Word for word, return the lines from the top of the listing to the line containing "using prob_random_formula_sat_all[of n", both ends included, and no others.

• **TASK DATA**:

★ ★ ★

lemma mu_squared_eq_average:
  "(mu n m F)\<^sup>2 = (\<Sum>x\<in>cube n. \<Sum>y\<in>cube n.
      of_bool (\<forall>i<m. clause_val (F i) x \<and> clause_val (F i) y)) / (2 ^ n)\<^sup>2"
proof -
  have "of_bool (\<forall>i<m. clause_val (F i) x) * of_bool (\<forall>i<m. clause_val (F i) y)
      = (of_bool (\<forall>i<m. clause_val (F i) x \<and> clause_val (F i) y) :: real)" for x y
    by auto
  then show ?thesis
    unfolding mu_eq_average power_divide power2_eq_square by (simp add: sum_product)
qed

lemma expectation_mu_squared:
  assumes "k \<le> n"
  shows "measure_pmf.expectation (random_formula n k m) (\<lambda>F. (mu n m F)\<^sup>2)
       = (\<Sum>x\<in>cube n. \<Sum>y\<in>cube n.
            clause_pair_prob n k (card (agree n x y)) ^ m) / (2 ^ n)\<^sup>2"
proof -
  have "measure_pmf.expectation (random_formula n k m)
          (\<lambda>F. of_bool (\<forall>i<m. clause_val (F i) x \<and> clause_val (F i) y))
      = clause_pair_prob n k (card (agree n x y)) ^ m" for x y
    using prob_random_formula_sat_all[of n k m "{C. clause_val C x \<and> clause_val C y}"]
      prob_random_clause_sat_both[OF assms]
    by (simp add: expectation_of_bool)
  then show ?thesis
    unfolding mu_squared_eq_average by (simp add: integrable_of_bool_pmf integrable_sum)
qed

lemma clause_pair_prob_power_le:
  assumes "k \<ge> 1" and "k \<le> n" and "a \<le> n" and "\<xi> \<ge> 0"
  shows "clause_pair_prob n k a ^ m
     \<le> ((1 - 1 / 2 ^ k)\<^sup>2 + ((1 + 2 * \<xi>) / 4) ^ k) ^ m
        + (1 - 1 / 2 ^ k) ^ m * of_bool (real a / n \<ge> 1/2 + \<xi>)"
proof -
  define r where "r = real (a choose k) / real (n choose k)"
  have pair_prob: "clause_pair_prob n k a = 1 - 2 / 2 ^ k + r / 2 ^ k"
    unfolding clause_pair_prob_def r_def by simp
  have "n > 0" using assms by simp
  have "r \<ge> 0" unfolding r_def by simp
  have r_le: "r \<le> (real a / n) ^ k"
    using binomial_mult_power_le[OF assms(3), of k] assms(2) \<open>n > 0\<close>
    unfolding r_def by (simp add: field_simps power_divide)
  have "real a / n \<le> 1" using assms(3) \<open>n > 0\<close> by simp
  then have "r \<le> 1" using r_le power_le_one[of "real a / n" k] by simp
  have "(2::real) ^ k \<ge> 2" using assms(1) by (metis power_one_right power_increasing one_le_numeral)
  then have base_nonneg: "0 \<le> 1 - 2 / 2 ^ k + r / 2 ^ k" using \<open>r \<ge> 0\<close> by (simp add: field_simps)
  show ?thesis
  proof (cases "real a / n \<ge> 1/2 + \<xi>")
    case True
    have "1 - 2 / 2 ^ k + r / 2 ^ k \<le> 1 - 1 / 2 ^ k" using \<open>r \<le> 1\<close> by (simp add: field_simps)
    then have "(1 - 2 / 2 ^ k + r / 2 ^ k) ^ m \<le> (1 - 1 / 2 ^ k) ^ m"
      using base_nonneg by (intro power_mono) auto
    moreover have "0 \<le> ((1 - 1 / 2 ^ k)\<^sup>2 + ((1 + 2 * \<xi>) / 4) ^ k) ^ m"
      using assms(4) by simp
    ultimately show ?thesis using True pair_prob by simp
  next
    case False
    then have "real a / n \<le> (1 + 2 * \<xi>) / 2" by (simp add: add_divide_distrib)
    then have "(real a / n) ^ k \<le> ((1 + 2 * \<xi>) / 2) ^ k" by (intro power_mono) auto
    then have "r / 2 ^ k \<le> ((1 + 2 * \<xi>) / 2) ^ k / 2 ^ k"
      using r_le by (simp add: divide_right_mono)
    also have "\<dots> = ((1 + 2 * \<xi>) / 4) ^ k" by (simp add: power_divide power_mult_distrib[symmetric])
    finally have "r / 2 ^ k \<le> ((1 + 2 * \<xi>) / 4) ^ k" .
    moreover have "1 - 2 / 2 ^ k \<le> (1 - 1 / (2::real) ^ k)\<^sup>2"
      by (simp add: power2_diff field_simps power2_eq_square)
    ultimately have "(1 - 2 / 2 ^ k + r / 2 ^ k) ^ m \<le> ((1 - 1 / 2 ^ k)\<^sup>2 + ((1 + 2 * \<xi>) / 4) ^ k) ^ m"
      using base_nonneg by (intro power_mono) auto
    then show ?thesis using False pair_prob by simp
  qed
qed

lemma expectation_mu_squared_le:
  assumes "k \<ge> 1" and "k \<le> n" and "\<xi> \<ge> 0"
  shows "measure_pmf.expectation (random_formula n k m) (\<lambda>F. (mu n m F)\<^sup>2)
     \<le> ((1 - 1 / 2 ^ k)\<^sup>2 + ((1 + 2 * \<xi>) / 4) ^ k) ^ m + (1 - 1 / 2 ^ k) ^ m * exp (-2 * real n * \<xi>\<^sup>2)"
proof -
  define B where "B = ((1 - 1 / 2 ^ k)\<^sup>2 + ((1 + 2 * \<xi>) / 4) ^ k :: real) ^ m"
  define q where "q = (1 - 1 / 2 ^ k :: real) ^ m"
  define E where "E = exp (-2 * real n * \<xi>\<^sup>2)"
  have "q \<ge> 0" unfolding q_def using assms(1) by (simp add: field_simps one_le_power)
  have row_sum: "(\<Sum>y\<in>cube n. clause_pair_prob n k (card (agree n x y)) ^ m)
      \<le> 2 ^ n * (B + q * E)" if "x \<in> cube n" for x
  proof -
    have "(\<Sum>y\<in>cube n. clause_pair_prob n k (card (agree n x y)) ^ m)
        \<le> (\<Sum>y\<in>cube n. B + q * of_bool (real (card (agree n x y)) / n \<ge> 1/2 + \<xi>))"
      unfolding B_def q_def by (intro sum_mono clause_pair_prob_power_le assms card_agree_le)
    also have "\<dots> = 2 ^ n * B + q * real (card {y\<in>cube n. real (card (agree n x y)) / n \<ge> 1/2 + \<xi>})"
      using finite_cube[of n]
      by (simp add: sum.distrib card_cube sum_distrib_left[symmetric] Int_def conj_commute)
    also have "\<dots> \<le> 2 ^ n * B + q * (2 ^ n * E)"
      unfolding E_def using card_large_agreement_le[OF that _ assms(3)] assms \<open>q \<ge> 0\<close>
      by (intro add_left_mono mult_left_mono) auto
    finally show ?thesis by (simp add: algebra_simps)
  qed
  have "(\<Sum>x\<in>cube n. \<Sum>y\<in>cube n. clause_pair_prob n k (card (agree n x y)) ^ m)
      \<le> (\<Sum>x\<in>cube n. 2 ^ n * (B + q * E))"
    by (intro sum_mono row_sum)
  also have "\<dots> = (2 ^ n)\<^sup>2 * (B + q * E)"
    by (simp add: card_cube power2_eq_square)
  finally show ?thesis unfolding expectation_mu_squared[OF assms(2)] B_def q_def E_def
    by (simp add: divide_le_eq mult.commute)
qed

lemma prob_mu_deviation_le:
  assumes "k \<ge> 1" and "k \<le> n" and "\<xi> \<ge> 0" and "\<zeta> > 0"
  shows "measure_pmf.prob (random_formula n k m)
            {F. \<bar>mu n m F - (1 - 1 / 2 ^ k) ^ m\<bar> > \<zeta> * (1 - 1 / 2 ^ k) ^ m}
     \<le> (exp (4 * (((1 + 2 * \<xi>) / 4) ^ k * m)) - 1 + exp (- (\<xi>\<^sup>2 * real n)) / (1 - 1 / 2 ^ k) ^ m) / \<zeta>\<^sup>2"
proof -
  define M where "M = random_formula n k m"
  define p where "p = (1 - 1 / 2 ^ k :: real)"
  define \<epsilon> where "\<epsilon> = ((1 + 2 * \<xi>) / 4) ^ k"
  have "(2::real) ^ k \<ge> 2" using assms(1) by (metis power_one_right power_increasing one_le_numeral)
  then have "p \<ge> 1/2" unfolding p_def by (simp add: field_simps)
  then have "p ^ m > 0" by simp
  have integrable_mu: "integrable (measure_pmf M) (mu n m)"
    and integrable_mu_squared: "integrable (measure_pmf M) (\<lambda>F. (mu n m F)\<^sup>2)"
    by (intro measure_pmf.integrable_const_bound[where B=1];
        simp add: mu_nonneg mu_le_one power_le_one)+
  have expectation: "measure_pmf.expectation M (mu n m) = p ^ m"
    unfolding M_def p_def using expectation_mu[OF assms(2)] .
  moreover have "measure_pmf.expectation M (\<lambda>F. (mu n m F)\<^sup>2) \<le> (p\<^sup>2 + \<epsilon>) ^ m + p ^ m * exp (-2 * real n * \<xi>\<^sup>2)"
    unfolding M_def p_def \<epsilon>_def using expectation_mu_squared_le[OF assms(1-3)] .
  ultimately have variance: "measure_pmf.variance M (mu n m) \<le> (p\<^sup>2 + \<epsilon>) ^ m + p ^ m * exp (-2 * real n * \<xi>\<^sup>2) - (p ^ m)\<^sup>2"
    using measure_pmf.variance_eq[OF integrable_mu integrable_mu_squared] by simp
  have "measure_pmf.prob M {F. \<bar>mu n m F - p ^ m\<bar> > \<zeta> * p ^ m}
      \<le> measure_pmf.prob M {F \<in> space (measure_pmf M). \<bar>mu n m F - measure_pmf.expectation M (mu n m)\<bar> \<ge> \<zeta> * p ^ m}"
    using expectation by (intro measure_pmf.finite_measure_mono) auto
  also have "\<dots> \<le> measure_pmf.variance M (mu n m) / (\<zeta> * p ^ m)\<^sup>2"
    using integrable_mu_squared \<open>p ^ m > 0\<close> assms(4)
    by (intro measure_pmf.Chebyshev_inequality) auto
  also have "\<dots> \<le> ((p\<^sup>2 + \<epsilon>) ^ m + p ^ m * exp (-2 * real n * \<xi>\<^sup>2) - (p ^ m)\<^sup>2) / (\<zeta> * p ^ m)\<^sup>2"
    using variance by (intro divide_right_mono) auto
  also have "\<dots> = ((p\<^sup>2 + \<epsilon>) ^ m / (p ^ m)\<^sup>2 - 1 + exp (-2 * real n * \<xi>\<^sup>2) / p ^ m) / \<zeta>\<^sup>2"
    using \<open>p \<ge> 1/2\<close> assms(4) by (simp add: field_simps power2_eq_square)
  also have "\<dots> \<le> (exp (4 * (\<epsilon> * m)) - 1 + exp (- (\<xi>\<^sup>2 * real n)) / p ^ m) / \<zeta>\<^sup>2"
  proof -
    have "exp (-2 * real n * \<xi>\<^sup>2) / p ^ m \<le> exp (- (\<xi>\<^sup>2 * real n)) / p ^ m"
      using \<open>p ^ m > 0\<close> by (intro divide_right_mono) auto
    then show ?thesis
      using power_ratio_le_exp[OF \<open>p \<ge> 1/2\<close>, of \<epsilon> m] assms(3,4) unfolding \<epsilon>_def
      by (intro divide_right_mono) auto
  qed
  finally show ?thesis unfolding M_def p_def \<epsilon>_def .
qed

★ ★ ★

• **RESPONSE TO THE TASK**:
lemma mu_squared_eq_average:
  "(mu n m F)\<^sup>2 = (\<Sum>x\<in>cube n. \<Sum>y\<in>cube n.
      of_bool (\<forall>i<m. clause_val (F i) x \<and> clause_val (F i) y)) / (2 ^ n)\<^sup>2"
proof -
  have "of_bool (\<forall>i<m. clause_val (F i) x) * of_bool (\<forall>i<m. clause_val (F i) y)
      = (of_bool (\<forall>i<m. clause_val (F i) x \<and> clause_val (F i) y) :: real)" for x y
    by auto
  then show ?thesis
    unfolding mu_eq_average power_divide power2_eq_square by (simp add: sum_product)
qed

lemma expectation_mu_squared:
  assumes "k \<le> n"
  shows "measure_pmf.expectation (random_formula n k m) (\<lambda>F. (mu n m F)\<^sup>2)
       = (\<Sum>x\<in>cube n. \<Sum>y\<in>cube n.
            clause_pair_prob n k (card (agree n x y)) ^ m) / (2 ^ n)\<^sup>2"
proof -
  have "measure_pmf.expectation (random_formula n k m)
          (\<lambda>F. of_bool (\<forall>i<m. clause_val (F i) x \<and> clause_val (F i) y))
      = clause_pair_prob n k (card (agree n x y)) ^ m" for x y
    using prob_random_formula_sat_all[of n k m "{C. clause_val C x \<and> clause_val C y}"]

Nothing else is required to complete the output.